For the Children
Page 92
That was an understatement. When Thomas had returned home that night, he’d been oblivious to the entire event, having deleted her messages without listening to them.
“Yeah! Get him!” Brian said as Blake maneuvered the game in his hand. He didn’t seem to be bothered by the limited movement imposed by the IV attached to his hand. Another hour or two, and they should be able to go home.
“We need to talk about this, guys,” Kirk said, slouched in his chair with an ankle over his knee, one elbow resting on the arm of the chair.
Both boys, with apprehension in their identical green eyes, looked up at him, the abandoned game in Blake’s hand continuing to emit sound effects.
His head sliding along the back of the chair, Kirk glanced over at Valerie. “Do you mind?”
“No, go ahead.” Mind? Didn’t he know how much he’d helped her that day? The strength she’d been able to give to her sons—one while he was subjected to uncomfortable tests and the other while he waited anxiously to find out if his twin was going to be all right—was in large part due to the strength she’d gained from Kirk’s calm presence.
From the beginning, he’d treated the entire episode like just another day in sunny Arizona. And in the end, things were going to be as fine as he’d made them seem.
“You heard what the doctor said about the cause of bleeding ulcers,” he said, addressing both boys in a voice sterner than she’d ever heard him use.
Two dark curly heads bobbed solemnly.
“He explained that you might have a predisposition to gastric ulcers, but there are certain things that can trigger them or make them worse. Do you understand all that?” Both boys nodded. “The drugs he listed—aspirin and so on—are out. So is heartburn and almost everything else he named.” Though his pose was relaxed, Kirk’s expression was intent. Looking between him and her boys, Valerie was glad just to sit back, not to carry the burden all by herself for once. She could have; she knew that.
But how wonderful that she didn’t have to.
“So what does that leave?”
“Worry,” Brian said. Blake looked down at the blanket.
“Right.” Kirk’s forehead wrinkled in a way that had grown endearingly familiar to Valerie. “So what do you think was worrying your brother so much that it made him sick?”
The boys exchanged a glance that brought tears to Valerie’s eyes. Their silent communication had always been a source of awe to her. Tonight, even she could hear the message of shared affection, sorrow and blame.
“Me,” Brian finally answered. “He was worried about me.”
“And Mom,” Blake said, peering over at her, his look one of apology, but also of an odd defiance. “She’s always doing everything by herself. Just tells us not to worry and she’ll take care of it.” He met Kirk’s eyes. “We’re going to be teenagers in another couple of months. And she won’t let us help.”

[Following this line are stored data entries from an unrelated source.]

lemma open_facets_disjoint:
  "F1 \<in> FF \<Longrightarrow> F2 \<in> FF \<Longrightarrow> F1 \<noteq> F2 \<Longrightarrow> open_facets F1 \<inter> open_facets F2 = {}"
  unfolding open_facets_def using open_facet_unique by blast

lemma open_facets_subset: "F \<in> FF \<Longrightarrow> open_facets F \<subseteq> open_dsets"
  unfolding open_facets_def open_dsets_def using FF_memberD by blast

lemma forces_open_facet:
  assumes "F \<in> FF" "B \<subseteq> F" "card B = s" "u \<notin> B" "forces B u"
  shows "u \<in> F" "F - {u} \<in> open_facets F"
proof -
  show u: "u \<in> F" using assms unfolding forces_def by auto
  have "is_open (F - {u})" unfolding is_open_def using assms by blast
  then show "F - {u} \<in> open_facets F"
    unfolding open_facets_def using FF_memberD[OF assms(1)] u by auto
qed

lemma open_facetE:
  assumes "F \<in> FF" "H \<in> open_facets F"
  obtains u B where "u \<in> F" "H = F - {u}" "B \<subseteq> H" "card B = s" "forces B u"
proof -
  obtain B u where B: "B \<subseteq> H" "card B = s" "u \<notin> H" "forces B u"
    using assms(2) unfolding open_facets_def is_open_def by blast
  have H: "H \<subseteq> F" "card H = d" using assms(2) unfolding open_facets_def by auto
  have u: "u \<in> F" using B H assms(1) unfolding forces_def by blast
  then have "F = insert u H"
    using insert_eq_of_card_Suc[of F H u] FF_memberD[OF assms(1)] H B by simp
  then show ?thesis using that u B by blast
qed

lemma D1_forced_point_unique:
  assumes "F \<in> D1"
    and "B \<subseteq> F" "card B = s" "u \<notin> B" "forces B u"
    and "B' \<subseteq> F" "card B' = s" "u' \<notin> B'" "forces B' u'"
  shows "u = u'"
proof -
  have F: "F \<in> FF" "card (open_facets F) = 1" using assms(1) D1_def by auto
  obtain H where "open_facets F = {H}" using F(2) card_1_singletonE by blast
  moreover note forces_open_facet[OF F(1) assms(2-5)] forces_open_facet[OF F(1) assms(6-9)]
  ultimately have "F - {u} = F - {u'}" "u \<in> F" "u' \<in> F" by auto
  then show ?thesis by blast
qed
text \<open>Index type for the primitive random variables of the model:
  Delta_i (i \<ge> 1), U_i (i \<ge> 2), R_n, tilde Delta_n, calligraphic U_n (n \<ge> 1).\<close>
datatype idx = IDelta nat | IU nat | IR nat | IDt nat | IUU nat

definition valid_idx :: "idx \<Rightarrow> bool" where
  "valid_idx i = (case i of IDelta k \<Rightarrow> 1 \<le> k | IU k \<Rightarrow> 2 \<le> k | IR k \<Rightarrow> 1 \<le> k
                  | IDt k \<Rightarrow> 1 \<le> k | IUU k \<Rightarrow> 1 \<le> k)"

definition events_of :: "'m measure \<Rightarrow> 'b measure \<Rightarrow> ('m \<Rightarrow> 'b) \<Rightarrow> 'm set set" where
  "events_of M N f = {f -` A \<inter> space M | A. A \<in> sets N}"

definition T :: "nat \<Rightarrow> nat" where
  "T n = nat \<lfloor>exp (3 * real n powr (1/3))\<rfloor>"

end

theory Submission
  imports Defs "HOL-Real_Asymp.Real_Asymp"
begin

text \<open>
  Conditionally on the walk, X_{UU N} is a uniformly chosen vertex of the first N, so the
  conditional probabilities are (up to the extra increment in the second claim) the fraction of
  vertices i \<le> N with nrm (X i) > c.

  X i is the sum of the increments along the ancestral line of i. Since each step to a uniform
  parent halves the expected label, the line has more than m steps with probability at most
  i / 2^(m+1); otherwise nrm (X i) > (m + 1) x forces one of its m + 1 increments to exceed x.
  Convergence in distribution of n^(-alpha) S_n together with Ottaviani's maximal inequality
  bounds the tail of an increment polynomially, P(nrm Delta > x) \<le> C x^(-1/alpha).

  Taking m = n and c = n^gamma with gamma large, the expected fraction among the first
  T_{n+1} \<le> exp (3 (n+1)^(1/3)) vertices is at most T_{n+1} / 2^(n+1) + (n+1) P(nrm Delta > c/(n+1)),
  which is O(n^(-3)). Since n^(4/3) n^(-3) is summable, the fractions are o(n^(-4/3)) almost surely.
\<close>

lemma one_minus_power_mult_le_one:
  fixes p :: real
  assumes "0 \<le> p" "p \<le> 1"
  shows "(1 - p) ^ n * (1 + real n * p) \<le> 1"
proof (induction n)
  case (Suc n)
  have "(1 - p) * (1 + real (Suc n) * p) \<le> 1 + real n * p"
    using assms by (simp add: algebra_simps)
  then have "(1 - p) ^ n * ((1 - p) * (1 + real (Suc n) * p)) \<le> (1 - p) ^ n * (1 + real n * p)"
    using assms by (intro mult_left_mono) auto
  with Suc show ?case by (simp add: mult_ac)
qed simp
lemma has_sum_trace_T:
  fixes d k :: "nat \<Rightarrow> nat" and u :: "nat \<Rightarrow> complex"
  defines "s \<equiv> \<lambda>j. int (d j) - int (k j)"
  assumes u: "\<forall>j<r. u j \<noteq> 0"
    and small: "\<forall>z\<in>root_tuples r (\<lambda>j. d j + 1) u. (\<Sum>j<r. norm (z j)) < 1"
  shows "((\<lambda>a. multinomial_coeff r a *
            (\<Prod>j<r. if int (d j + 1) dvd int (a j) - s j
                     then of_nat (d j + 1) * u j powi ((int (a j) - s j) div int (d j + 1)) else 0))
          has_sum trace_T r d k u) (multi_indices r)"
proof -
  define R where "R = root_tuples r (\<lambda>j. d j + 1) u"
  have "finite R"
    unfolding R_def by (simp add: finite_root_tuples)
  have "((\<lambda>a. multinomial_coeff r a * (\<Prod>j<r. z j powi (int (a j) - s j)))
          has_sum 1 / ((\<Prod>j<r. z j powi s j) * (1 - (\<Sum>j<r. z j)))) (multi_indices r)"
    if "z \<in> R" for z
  proof (rule has_sum_shifted_multinomial_geometric)
    show "\<forall>j<r. z j \<noteq> 0"
      using that u by (auto simp: R_def root_tuples_def)
  qed (use that small in \<open>simp add: R_def\<close>)
  then have "((\<lambda>a. \<Sum>z\<in>R. multinomial_coeff r a * (\<Prod>j<r. z j powi (int (a j) - s j)))
          has_sum trace_T r d k u) (multi_indices r)"
    unfolding trace_T_def s_def R_def[symmetric] by (rule has_sum_sum[OF \<open>finite R\<close>])
  moreover have "(\<Sum>z\<in>R. \<Prod>j<r. z j powi (int (a j) - s j)) =
      (\<Prod>j<r. if int (d j + 1) dvd int (a j) - s j
               then of_nat (d j + 1) * u j powi ((int (a j) - s j) div int (d j + 1)) else 0)" for a
  proof -
    have "(\<Sum>z\<in>R. \<Prod>j<r. z j powi (int (a j) - s j)) =
        (\<Prod>j<r. \<Sum>\<zeta> | \<zeta> ^ (d j + 1) = u j. \<zeta> powi (int (a j) - s j))"
      unfolding R_def by (rule sum_prod_root_tuples) simp
    also have "\<dots> = (\<Prod>j<r. if int (d j + 1) dvd int (a j) - s j
               then of_nat (d j + 1) * u j powi ((int (a j) - s j) div int (d j + 1)) else 0)"
      using u by (intro prod.cong refl sum_nth_roots_power_int) auto
    finally show ?thesis .
  qed
  ultimately show ?thesis
    by (simp add: sum_distrib_left[symmetric])
qed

The smile on her face didn’t falter, but the calm that had settled over her heart after she’d been assured that her son was going to be fine with medication and a carefully watched diet was no longer there.
She’d caused this?
“It’s the same with Brian,” Blake continued while Brian stared at the game in his brother’s hand. “Everyone keeps saying he wasn’t eating ’cause he had low self-esteem. Well, how do you think it makes a guy feel to always have his mother taking care of him and never letting him do anything to take care of her? We’re the men of the house, but you sure wouldn’t know it.”
A long speech for anyone, it was even more astonishing coming from Blake.
Kirk’s head still rested against the back of the chair, and his gaze turned on Brian. “You agree with your brother?”
With hooded eyes, Brian glanced from one adult to the other. And then nodded.
“So what do you guys think can be done to fix this?”
“I’m going to eat every meal every day for as long as I live,” Brian said with such vehemence Valerie almost smiled. In spite of the tears pressing at the backs of her eyes. And then he grinned. “Kind of hard for a guy to feel worthless when his own brother cares so much he gets sick about it.”
Valerie did smile then. But they weren’t through yet. “And I guess I’m going to be doing less and you guys are going to be doing more,” she said, knowing how difficult that would be. She’d been taking care of them single-handedly for twelve years. She’d had to. Giving that up was not going to come easy.
But perhaps it would make their lives easier. In the long run.
“There’s another thing bugging me, Mom,” Blake said. He looked at his twin and Brian nodded. “They’re going to split us up when we go into eighth grade next year,” he finished for his brother.
“Yeah,” Blake took up. “Mr. McDonald said we have to be on a whole different track from each other.”
“It means we won’t even be in the same classes.” Brian sounded as though he’d been sentenced to life in prison.